Apollo Group Inc. (APOL) has entered a sale-leaseback agreement for its Phoenix headquarters, as it continues to seek cost savings amid declining student enrollment and regulatory changes.

According to a securities filing, the for-profit college operator agreed to sell 600,000 square feet of office space to a unit of Cole Real Estate Investments for $170 million. Apollo then will lease the properties back at an annual rate of $12 million, with 2% increases each subsequent year. The lease life is 20 years.

Apollo expects $28 million in gains on the sale, to be realized throughout the life of the lease.

"We are taking many steps to optimize the structure of our current real estate portfolio, and we will continue to execute on opportunities to improve our space utilization and market leasing terms," spokesman Manny Rivera said in an emailed statement.

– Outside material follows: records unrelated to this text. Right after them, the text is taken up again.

lemma tower_subset_galois:
  assumes K: "subfield K R" and L: "intermediate R K L" "L \<subseteq> G" and gal: "galois_ext R K G"
    and Ls: "set Ls = conjugates R K L" and E: "E \<in> set (tower R K Ls K)"
  shows "E \<subseteq> G"
proof -
  note G = galois_extD[OF gal]
  have "\<Union> (set Ls) \<subseteq> G" using conjugate_subset_galois[OF K gal L(1,2)] Ls by auto
  then have "generate_field R (\<Union> (set (take k Ls)) \<union> K) \<subseteq> G" for k
    using generate_field_min_subfield1[OF _ G(1)] subfieldE(3)[OF G(1)] set_take_subset[of k Ls] G(2)
    by (meson Sup_subset_mono Un_least order_trans)
  moreover have "E = K \<or> E \<in> set (tl (tower R K Ls K))" using E by (simp add: tower_def)
  ultimately show ?thesis using G(2) unfolding tl_tower_base by auto
qed

lemma tl_tower_neq_base:
  assumes L: "intermediate R K L" "L \<noteq> K" and Ls: "set Ls = conjugates R K L"
    and E: "E \<in> set (tl (tower R K Ls K))"
  shows "E \<noteq> K"
proof
  assume "E = K"
  obtain k where k: "1 \<le> k" "k \<le> length Ls" and Ek: "E = generate_field R (\<Union> (set (take k Ls)) \<union> K)"
    using E unfolding tl_tower_base by auto
  have conj: "intermediate R K L' \<and> iso_over R K L L'" if "L' \<in> set Ls" for L'
    using Ls that unfolding conjugates_def by auto
  have "K \<subseteq> carrier R" using L(1) subfieldE(3) unfolding intermediate_def by blast
  then have "\<Union> (set (take k Ls)) \<union> K \<subseteq> carrier R"
    using Ls conjugates_in_carrier[of K L] set_take_subset[of k Ls] by blast
  then have "hd Ls \<subseteq> K"
    using generate_fieldE(2)[OF _ Ek] k \<open>E = K\<close> by (cases Ls) (auto simp: take_Cons')
  moreover have "hd Ls \<in> set Ls" using k by (cases Ls) auto
  ultimately have "hd Ls = K" and "iso_over R K L K"
    using conj[of "hd Ls"] unfolding intermediate_def by auto
  then show False using iso_over_base_eq[of R K L] L unfolding intermediate_def by auto
qed

lemma tl_tower_compositum_dim:
  assumes closure: "algebraic_closure R K" and L: "intermediate R K L" and Ls: "set Ls = conjugates R K L"
    and G: "galois_ext R K G" "L \<subseteq> G" and F: "galois_ext R K F" "galois_closure R K L \<inter> F = K"
    and E: "E \<in> set (tl (tower R K Ls K))"
  shows "finite_dimension K E" "degree_over R K (compositum R {E, F}) = dim K F * degree_over R K E"
proof -
  have K: "subfield K R" using closure unfolding algebraic_closure_def by auto
  have LsR: "\<Union> (set Ls) \<union> K \<subseteq> carrier R"
    using Ls conjugates_in_carrier[of K L] subfieldE(3)[OF K] by auto
  note E' = tl_tower_subfield[OF LsR E]
  have in_tower: "E \<in> set (tower R K Ls K)" using E unfolding tower_def by simp
  show fin: "finite_dimension K E"
    using subalbegra_incl_imp_finite_dimension[OF K galois_extD(3)[OF G(1)]
        subring_subalgebra[OF subfieldE(1)[OF E'(1)] E'(2)]]
      tower_subset_galois[OF K L G(2,1) Ls in_tower] .
  have "E \<subseteq> galois_closure R K L"
    unfolding galois_closure_def using tower_subset_galois[OF K L _ _ Ls in_tower]
    by (intro Inter_greatest) auto
  then have "E \<inter> F \<subseteq> K" using F(2) by auto
  moreover have "\<And>P. P \<in> carrier (K[X]) \<Longrightarrow> splitted P"
    using algebraic_closure.roots_over_subfield[OF closure] by simp
  ultimately show "degree_over R K (compositum R {E, F}) = dim K F * degree_over R K E"
    using dim_generate_field_disjoint_galois(2)[OF K _ E' fin F(1)]
    unfolding compositum_def degree_over_def by simp
qed

lemma magnified_tower_scaling:
  assumes closure: "algebraic_closure R K"
    and L: "intermediate R K L" "L \<noteq> K" and Ls: "set Ls = conjugates R K L"
    and G: "galois_ext R K G" "L \<subseteq> G" and F: "galois_ext R K F" "galois_closure R K L \<inter> F = K"
  defines "xs \<equiv> tl (tower R K Ls K)" and "f \<equiv> \<lambda>E. compositum R {E, F}"
  shows "K \<notin> set xs" "K \<notin> f ` set xs" "inj_on f (set xs)"
proof -
  have K: "subfield K R" using closure unfolding algebraic_closure_def by auto
  have LsR: "\<Union> (set Ls) \<union> K \<subseteq> carrier R"
    using Ls conjugates_in_carrier[of K L] subfieldE(3)[OF K] by auto
  note E = tl_tower_subfield[OF LsR, folded xs_def]
  have fin: "\<And>E. E \<in> set xs \<Longrightarrow> finite_dimension K E"
    and dim: "\<And>E. E \<in> set xs \<Longrightarrow> dim K (f E) = dim K F * dim K E"
    using tl_tower_compositum_dim[OF closure L(1) Ls G F] unfolding xs_def f_def degree_over_def by auto
  show K_notin: "K \<notin> set xs" using tl_tower_neq_base[OF L Ls] unfolding xs_def by blast
  have sub: "E \<subseteq> f E" if "E \<in> set xs" for E
    using generate_fieldE(2)[OF _ refl, of "E \<union> F"] subfieldE(3)[OF E(1)[OF that]]
      subfieldE(3)[OF galois_extD(1)[OF F(1)]]
    unfolding f_def compositum_def by auto
  have "f E \<noteq> K" if "E \<in> set xs" for E
  proof
    assume "f E = K"
    then have "E = K" using sub[OF that] E(2)[OF that] by auto
    then show False using K_notin that by simp
  qed
  then show "K \<notin> f ` set xs" by auto
  show "inj_on f (set xs)"
    using inj_on_chain_dim_mult[OF K _ _ _ galois_ext_dim_pos[OF K F(1)]]
      fin tl_tower_chain[OF LsR, folded xs_def] dim
    by blast
qed

lemma cluster_tower_magnification:
  assumes closure: "algebraic_closure R K"
    and L: "intermediate R K L" "L \<noteq> K" and Ls: "set Ls = conjugates R K L"
    and F: "galois_ext R K F" "galois_closure R K L \<inter> F = K"
  shows "tower_length (tower R K Ls F) = tower_length (tower R K Ls K)"
    "degree_sequence R K (tower R K Ls F) = map (\<lambda>a. dim K F * a) (degree_sequence R K (tower R K Ls K))"
proof -
  have K: "subfield K R" using closure unfolding algebraic_closure_def by auto
  define xs where "xs = tl (tower R K Ls K)"
  have towerK: "tower R K Ls K = K # xs" unfolding xs_def by (simp add: tower_def)
  have "\<Union> (set Ls) \<subseteq> carrier R" using Ls conjugates_in_carrier[of K L] by simp
  then have towerF: "tower R K Ls F = K # map (\<lambda>E. compositum R {E, F}) xs"
    unfolding xs_def using tower_magnified[OF galois_extD(1,2)[OF F(1)]] by blast
  have "tower_length (tower R K Ls F) = tower_length (tower R K Ls K) \<and>
    degree_sequence R K (tower R K Ls F) = map (\<lambda>a. dim K F * a) (degree_sequence R K (tower R K Ls K))"
  proof (cases "F = K")
    case True
    then show ?thesis using dimI[OF K dimension_one[OF K]] by (simp add: over_def)
  next
    text \<open>Otherwise \<open>galois_closure R K L\<close> is not the junk value \<open>UNIV\<close> (an intersection of
      no fields), so some Galois extension contains \<open>L\<close>.\<close>
    case False
    then obtain G where G: "galois_ext R K G" "L \<subseteq> G"
      using F(2) unfolding galois_closure_def by auto
    note scaling = magnified_tower_scaling[OF closure L Ls G F, folded xs_def]
    have "dim K F > 0" using galois_ext_dim_pos[OF K F(1)] .
    then show ?thesis
      unfolding towerK towerF
      using tower_length_map_inj_on[OF scaling] degree_sequence_map_mult[OF scaling]
        tl_tower_compositum_dim(2)[OF closure L(1) Ls G F, folded xs_def]
      by auto
  qed
  then show "tower_length (tower R K Ls F) = tower_length (tower R K Ls K)"
    "degree_sequence R K (tower R K Ls F) = map (\<lambda>a. dim K F * a) (degree_sequence R K (tower R K Ls K))"
    by auto
qed

end

theorem mainTheorem7:
  fixes Om :: "('a, 'b) ring_scheme" and K L F M :: "'a set" and d :: nat
    and Ls :: "'a set list" and l :: nat
  assumes closure: "algebraic_closure Om K"
    and perfect: "perfect_subfield Om K"
    and magn: "strong_cluster_magnification Om K M L F"
    and deg_F: "degree_over Om K F = d"
    and Ls_distinct: "distinct Ls"
    and Ls_set: "set Ls = conjugates Om K L"
  shows "(tower_length (tower Om K Ls K) = l \<longleftrightarrow> tower_length (tower Om K Ls F) = l)
    \<and> (tower_length (tower Om K Ls K) = l \<longrightarrow>
         degree_sequence Om K (tower Om K Ls F) = map (\<lambda>a. d * a) (degree_sequence Om K (tower Om K Ls K)))"
proof -
  interpret C: algebraic_closure Om K by (fact closure)
  have K: "subfield K Om" using closure unfolding algebraic_closure_def by auto
  have L: "intermediate Om K L" "C.dim K L > 2" and F: "galois_ext Om K F" "galois_closure Om K L \<inter> F = K"
    using magn unfolding strong_cluster_magnification_def finite_ext_def degree_over_def by auto
  have "L \<noteq> K" using L(2) C.dimI[OF K C.dimension_one[OF K]] by (auto simp: over_def)
  from C.cluster_tower_magnification[OF closure L(1) this Ls_set F] show ?thesis
    using deg_F unfolding degree_over_def by simp
qed

end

A representative from Cole wasn't immediately available for comment.

Apollo, whose schools include University of Phoenix, has been trying to cut costs as its student body shrinks and marketing expenses increase. The company tightened its admissions standards after it and peers were criticized for lax practices and poor student-loan repayment rates. Apollo also is facing higher advertising costs and more competition in attracting high-quality students who stand a chance of completing the programs. In January, Apollo reported fiscal first-quarter new-student enrollment tumbled by 42.4%, with overall enrollment off 3.8% to 438,100.

Apollo reports fiscal second quarter results on Tuesday.